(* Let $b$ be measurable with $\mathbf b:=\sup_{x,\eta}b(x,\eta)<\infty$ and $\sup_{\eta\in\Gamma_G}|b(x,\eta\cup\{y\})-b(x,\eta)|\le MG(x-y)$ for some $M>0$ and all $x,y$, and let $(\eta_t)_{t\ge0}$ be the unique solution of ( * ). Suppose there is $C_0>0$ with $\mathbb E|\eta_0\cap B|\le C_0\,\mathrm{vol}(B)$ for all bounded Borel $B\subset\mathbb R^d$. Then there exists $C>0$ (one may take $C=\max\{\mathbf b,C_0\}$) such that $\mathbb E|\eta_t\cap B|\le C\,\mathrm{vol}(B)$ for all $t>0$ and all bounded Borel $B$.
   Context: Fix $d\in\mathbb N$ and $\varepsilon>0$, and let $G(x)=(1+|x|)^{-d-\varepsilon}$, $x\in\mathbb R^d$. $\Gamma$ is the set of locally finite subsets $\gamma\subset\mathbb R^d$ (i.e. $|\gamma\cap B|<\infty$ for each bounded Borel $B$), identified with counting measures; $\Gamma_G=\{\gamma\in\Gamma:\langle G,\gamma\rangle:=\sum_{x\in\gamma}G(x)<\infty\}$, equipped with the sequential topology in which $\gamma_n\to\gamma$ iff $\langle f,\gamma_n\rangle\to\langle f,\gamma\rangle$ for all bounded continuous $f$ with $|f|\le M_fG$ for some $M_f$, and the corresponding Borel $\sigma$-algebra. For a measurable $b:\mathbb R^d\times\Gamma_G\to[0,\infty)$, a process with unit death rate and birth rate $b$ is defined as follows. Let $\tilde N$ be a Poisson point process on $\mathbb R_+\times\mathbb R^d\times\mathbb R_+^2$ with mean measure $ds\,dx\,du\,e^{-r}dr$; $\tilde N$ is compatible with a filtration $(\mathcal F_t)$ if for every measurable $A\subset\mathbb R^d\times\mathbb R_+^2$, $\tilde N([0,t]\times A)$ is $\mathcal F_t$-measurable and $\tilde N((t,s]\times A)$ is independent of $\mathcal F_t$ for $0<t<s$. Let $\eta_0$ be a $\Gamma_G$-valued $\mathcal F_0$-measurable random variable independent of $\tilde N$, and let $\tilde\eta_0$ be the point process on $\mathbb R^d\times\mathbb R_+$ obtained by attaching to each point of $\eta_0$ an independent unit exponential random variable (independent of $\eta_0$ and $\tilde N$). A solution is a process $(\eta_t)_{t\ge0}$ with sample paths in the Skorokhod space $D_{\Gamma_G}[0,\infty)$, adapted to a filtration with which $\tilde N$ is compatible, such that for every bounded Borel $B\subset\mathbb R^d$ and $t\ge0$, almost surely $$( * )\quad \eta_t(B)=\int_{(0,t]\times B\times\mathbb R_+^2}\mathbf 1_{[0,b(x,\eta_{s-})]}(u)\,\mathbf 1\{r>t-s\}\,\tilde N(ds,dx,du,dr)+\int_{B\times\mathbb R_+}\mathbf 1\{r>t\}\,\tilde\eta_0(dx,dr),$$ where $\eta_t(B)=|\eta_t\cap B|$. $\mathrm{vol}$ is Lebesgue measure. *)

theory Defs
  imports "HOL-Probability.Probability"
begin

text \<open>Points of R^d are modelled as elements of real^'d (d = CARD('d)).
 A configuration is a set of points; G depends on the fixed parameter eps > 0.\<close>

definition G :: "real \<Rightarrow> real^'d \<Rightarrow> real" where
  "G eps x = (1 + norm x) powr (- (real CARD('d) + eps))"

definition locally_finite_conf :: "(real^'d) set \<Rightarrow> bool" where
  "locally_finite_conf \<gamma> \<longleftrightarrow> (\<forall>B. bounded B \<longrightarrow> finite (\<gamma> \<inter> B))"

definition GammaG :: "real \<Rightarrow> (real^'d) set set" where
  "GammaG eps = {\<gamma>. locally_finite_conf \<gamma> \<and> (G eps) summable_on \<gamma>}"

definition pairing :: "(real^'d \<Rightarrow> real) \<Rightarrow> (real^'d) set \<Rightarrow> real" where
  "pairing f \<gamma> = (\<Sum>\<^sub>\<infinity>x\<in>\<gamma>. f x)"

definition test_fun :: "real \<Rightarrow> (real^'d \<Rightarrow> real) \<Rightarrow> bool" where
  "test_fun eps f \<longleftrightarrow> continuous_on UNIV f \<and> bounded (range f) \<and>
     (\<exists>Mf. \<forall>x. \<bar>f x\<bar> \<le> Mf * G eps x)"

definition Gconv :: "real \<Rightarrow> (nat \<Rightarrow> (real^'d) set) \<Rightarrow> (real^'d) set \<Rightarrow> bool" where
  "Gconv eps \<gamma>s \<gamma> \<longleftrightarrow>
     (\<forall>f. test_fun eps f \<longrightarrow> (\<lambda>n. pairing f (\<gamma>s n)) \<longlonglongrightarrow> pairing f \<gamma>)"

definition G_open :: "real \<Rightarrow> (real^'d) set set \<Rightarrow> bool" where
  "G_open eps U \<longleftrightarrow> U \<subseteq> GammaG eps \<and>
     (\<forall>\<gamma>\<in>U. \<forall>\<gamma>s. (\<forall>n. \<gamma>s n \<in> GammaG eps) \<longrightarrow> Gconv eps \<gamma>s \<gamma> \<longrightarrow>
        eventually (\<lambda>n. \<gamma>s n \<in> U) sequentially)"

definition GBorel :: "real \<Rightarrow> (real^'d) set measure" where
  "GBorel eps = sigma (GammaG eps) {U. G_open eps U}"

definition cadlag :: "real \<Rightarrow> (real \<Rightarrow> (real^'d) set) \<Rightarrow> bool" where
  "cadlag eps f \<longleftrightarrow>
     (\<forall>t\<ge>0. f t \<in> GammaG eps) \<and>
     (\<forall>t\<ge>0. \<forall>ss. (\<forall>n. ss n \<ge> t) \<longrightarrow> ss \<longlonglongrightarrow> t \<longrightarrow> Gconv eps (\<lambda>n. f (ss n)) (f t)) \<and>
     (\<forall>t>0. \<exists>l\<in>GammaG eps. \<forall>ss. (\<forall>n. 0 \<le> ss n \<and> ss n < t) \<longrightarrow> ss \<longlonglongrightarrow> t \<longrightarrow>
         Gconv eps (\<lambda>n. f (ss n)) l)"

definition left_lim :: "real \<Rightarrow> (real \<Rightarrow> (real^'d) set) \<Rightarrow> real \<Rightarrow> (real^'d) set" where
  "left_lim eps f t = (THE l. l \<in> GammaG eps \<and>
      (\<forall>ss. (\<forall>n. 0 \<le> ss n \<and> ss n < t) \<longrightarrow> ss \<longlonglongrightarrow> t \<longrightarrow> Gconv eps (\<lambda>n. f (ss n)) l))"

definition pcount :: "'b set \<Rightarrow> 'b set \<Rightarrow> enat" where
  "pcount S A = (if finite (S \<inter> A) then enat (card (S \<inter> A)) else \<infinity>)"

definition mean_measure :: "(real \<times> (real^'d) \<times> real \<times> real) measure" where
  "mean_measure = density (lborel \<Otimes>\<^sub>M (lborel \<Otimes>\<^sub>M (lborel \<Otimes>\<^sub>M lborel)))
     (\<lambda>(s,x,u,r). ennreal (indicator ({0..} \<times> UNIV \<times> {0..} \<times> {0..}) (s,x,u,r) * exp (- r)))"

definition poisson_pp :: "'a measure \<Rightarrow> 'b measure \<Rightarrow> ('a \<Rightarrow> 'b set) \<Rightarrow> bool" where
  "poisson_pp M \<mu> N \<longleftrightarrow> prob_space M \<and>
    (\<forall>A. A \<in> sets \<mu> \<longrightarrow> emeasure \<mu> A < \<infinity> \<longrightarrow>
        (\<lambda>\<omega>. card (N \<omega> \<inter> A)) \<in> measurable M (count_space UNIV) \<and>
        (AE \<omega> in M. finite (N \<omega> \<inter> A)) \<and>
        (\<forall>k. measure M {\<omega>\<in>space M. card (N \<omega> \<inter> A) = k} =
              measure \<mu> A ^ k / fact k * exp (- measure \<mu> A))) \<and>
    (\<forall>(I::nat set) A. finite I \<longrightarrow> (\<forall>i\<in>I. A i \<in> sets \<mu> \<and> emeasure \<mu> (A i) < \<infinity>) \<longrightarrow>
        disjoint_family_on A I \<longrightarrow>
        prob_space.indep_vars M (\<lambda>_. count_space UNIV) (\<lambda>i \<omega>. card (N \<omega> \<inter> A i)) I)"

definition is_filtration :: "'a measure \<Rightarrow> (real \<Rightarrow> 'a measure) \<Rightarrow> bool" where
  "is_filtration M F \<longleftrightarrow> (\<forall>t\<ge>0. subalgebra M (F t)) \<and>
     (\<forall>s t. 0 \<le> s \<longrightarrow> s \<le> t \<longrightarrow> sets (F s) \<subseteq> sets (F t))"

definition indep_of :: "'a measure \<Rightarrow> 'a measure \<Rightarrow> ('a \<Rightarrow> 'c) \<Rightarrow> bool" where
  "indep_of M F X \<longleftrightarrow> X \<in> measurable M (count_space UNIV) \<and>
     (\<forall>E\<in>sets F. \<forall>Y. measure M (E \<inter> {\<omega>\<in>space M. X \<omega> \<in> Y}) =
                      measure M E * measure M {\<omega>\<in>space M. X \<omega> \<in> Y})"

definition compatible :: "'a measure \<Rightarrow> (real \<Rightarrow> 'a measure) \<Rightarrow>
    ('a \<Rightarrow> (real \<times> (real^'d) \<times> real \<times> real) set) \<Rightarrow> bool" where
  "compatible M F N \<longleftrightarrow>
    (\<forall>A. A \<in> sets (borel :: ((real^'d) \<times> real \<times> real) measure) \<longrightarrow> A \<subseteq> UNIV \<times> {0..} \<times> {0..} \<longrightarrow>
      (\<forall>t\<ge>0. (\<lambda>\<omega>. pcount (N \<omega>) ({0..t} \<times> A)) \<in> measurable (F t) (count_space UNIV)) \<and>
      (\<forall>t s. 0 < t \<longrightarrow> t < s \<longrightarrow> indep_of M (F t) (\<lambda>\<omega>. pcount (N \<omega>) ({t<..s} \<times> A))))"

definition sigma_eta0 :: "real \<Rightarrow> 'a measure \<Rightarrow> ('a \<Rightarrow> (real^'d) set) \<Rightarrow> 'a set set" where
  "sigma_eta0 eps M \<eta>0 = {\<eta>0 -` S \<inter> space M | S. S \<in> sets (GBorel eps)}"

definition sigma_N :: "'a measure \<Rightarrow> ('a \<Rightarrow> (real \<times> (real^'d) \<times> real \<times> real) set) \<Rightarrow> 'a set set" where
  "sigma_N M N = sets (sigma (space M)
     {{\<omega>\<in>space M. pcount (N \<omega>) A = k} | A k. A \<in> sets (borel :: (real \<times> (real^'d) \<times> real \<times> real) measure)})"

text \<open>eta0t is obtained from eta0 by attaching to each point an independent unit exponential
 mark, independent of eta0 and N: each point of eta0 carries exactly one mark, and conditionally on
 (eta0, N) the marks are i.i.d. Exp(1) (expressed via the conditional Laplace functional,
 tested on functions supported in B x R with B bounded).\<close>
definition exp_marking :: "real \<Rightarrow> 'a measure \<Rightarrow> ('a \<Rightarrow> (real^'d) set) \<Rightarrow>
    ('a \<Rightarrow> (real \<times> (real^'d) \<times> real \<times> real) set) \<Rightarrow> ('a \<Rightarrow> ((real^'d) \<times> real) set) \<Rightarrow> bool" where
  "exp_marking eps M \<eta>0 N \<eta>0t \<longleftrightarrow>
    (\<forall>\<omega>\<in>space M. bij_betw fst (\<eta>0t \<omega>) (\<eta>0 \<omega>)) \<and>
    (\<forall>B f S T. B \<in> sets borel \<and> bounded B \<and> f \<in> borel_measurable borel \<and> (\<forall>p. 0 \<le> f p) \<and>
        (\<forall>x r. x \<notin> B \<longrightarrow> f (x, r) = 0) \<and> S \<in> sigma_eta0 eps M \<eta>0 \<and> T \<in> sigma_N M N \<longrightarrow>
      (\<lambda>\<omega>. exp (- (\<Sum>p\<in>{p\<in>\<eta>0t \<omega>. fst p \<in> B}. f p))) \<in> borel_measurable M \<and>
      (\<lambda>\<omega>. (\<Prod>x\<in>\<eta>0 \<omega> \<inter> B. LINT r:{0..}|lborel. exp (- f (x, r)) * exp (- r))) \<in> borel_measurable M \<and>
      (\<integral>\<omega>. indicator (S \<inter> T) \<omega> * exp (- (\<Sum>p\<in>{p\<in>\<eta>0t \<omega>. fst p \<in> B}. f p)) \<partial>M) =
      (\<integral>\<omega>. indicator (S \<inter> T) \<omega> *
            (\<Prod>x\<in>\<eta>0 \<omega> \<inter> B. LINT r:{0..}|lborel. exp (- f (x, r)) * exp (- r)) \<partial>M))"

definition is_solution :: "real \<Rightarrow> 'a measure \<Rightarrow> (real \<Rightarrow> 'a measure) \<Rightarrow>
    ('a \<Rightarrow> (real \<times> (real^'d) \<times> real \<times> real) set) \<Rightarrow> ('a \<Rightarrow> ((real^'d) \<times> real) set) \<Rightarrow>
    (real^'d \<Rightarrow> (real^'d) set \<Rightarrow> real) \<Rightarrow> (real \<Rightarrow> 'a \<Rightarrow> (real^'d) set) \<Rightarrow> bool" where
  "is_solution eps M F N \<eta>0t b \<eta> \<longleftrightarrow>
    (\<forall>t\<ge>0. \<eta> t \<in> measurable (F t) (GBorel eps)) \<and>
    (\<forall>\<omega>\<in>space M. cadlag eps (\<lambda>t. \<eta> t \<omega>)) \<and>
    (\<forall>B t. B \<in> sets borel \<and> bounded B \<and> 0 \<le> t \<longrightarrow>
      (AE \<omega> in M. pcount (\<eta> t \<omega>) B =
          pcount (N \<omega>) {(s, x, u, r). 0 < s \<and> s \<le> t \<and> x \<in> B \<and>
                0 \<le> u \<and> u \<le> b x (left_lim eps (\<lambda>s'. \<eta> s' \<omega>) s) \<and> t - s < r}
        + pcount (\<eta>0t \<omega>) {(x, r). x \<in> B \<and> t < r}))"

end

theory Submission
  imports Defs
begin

INSTRUCTIONS TO FOLLOW ▸
In the records above, find each line that holds the word "bool"; copy all such lines.

RESULT OF THE TASK ▸
definition locally_finite_conf :: "(real^'d) set \<Rightarrow> bool" where
definition test_fun :: "real \<Rightarrow> (real^'d \<Rightarrow> real) \<Rightarrow> bool" where
definition Gconv :: "real \<Rightarrow> (nat \<Rightarrow> (real^'d) set) \<Rightarrow> (real^'d) set \<Rightarrow> bool" where
definition G_open :: "real \<Rightarrow> (real^'d) set set \<Rightarrow> bool" where
definition cadlag :: "real \<Rightarrow> (real \<Rightarrow> (real^'d) set) \<Rightarrow> bool" where
definition poisson_pp :: "'a measure \<Rightarrow> 'b measure \<Rightarrow> ('a \<Rightarrow> 'b set) \<Rightarrow> bool" where
definition is_filtration :: "'a measure \<Rightarrow> (real \<Rightarrow> 'a measure) \<Rightarrow> bool" where
definition indep_of :: "'a measure \<Rightarrow> 'a measure \<Rightarrow> ('a \<Rightarrow> 'c) \<Rightarrow> bool" where
    ('a \<Rightarrow> (real \<times> (real^'d) \<times> real \<times> real) set) \<Rightarrow> bool" where
    ('a \<Rightarrow> (real \<times> (real^'d) \<times> real \<times> real) set) \<Rightarrow> ('a \<Rightarrow> ((real^'d) \<times> real) set) \<Rightarrow> bool" where
    (real^'d \<Rightarrow> (real^'d) set \<Rightarrow> real) \<Rightarrow> (real \<Rightarrow> 'a \<Rightarrow> (real^'d) set) \<Rightarrow> bool" where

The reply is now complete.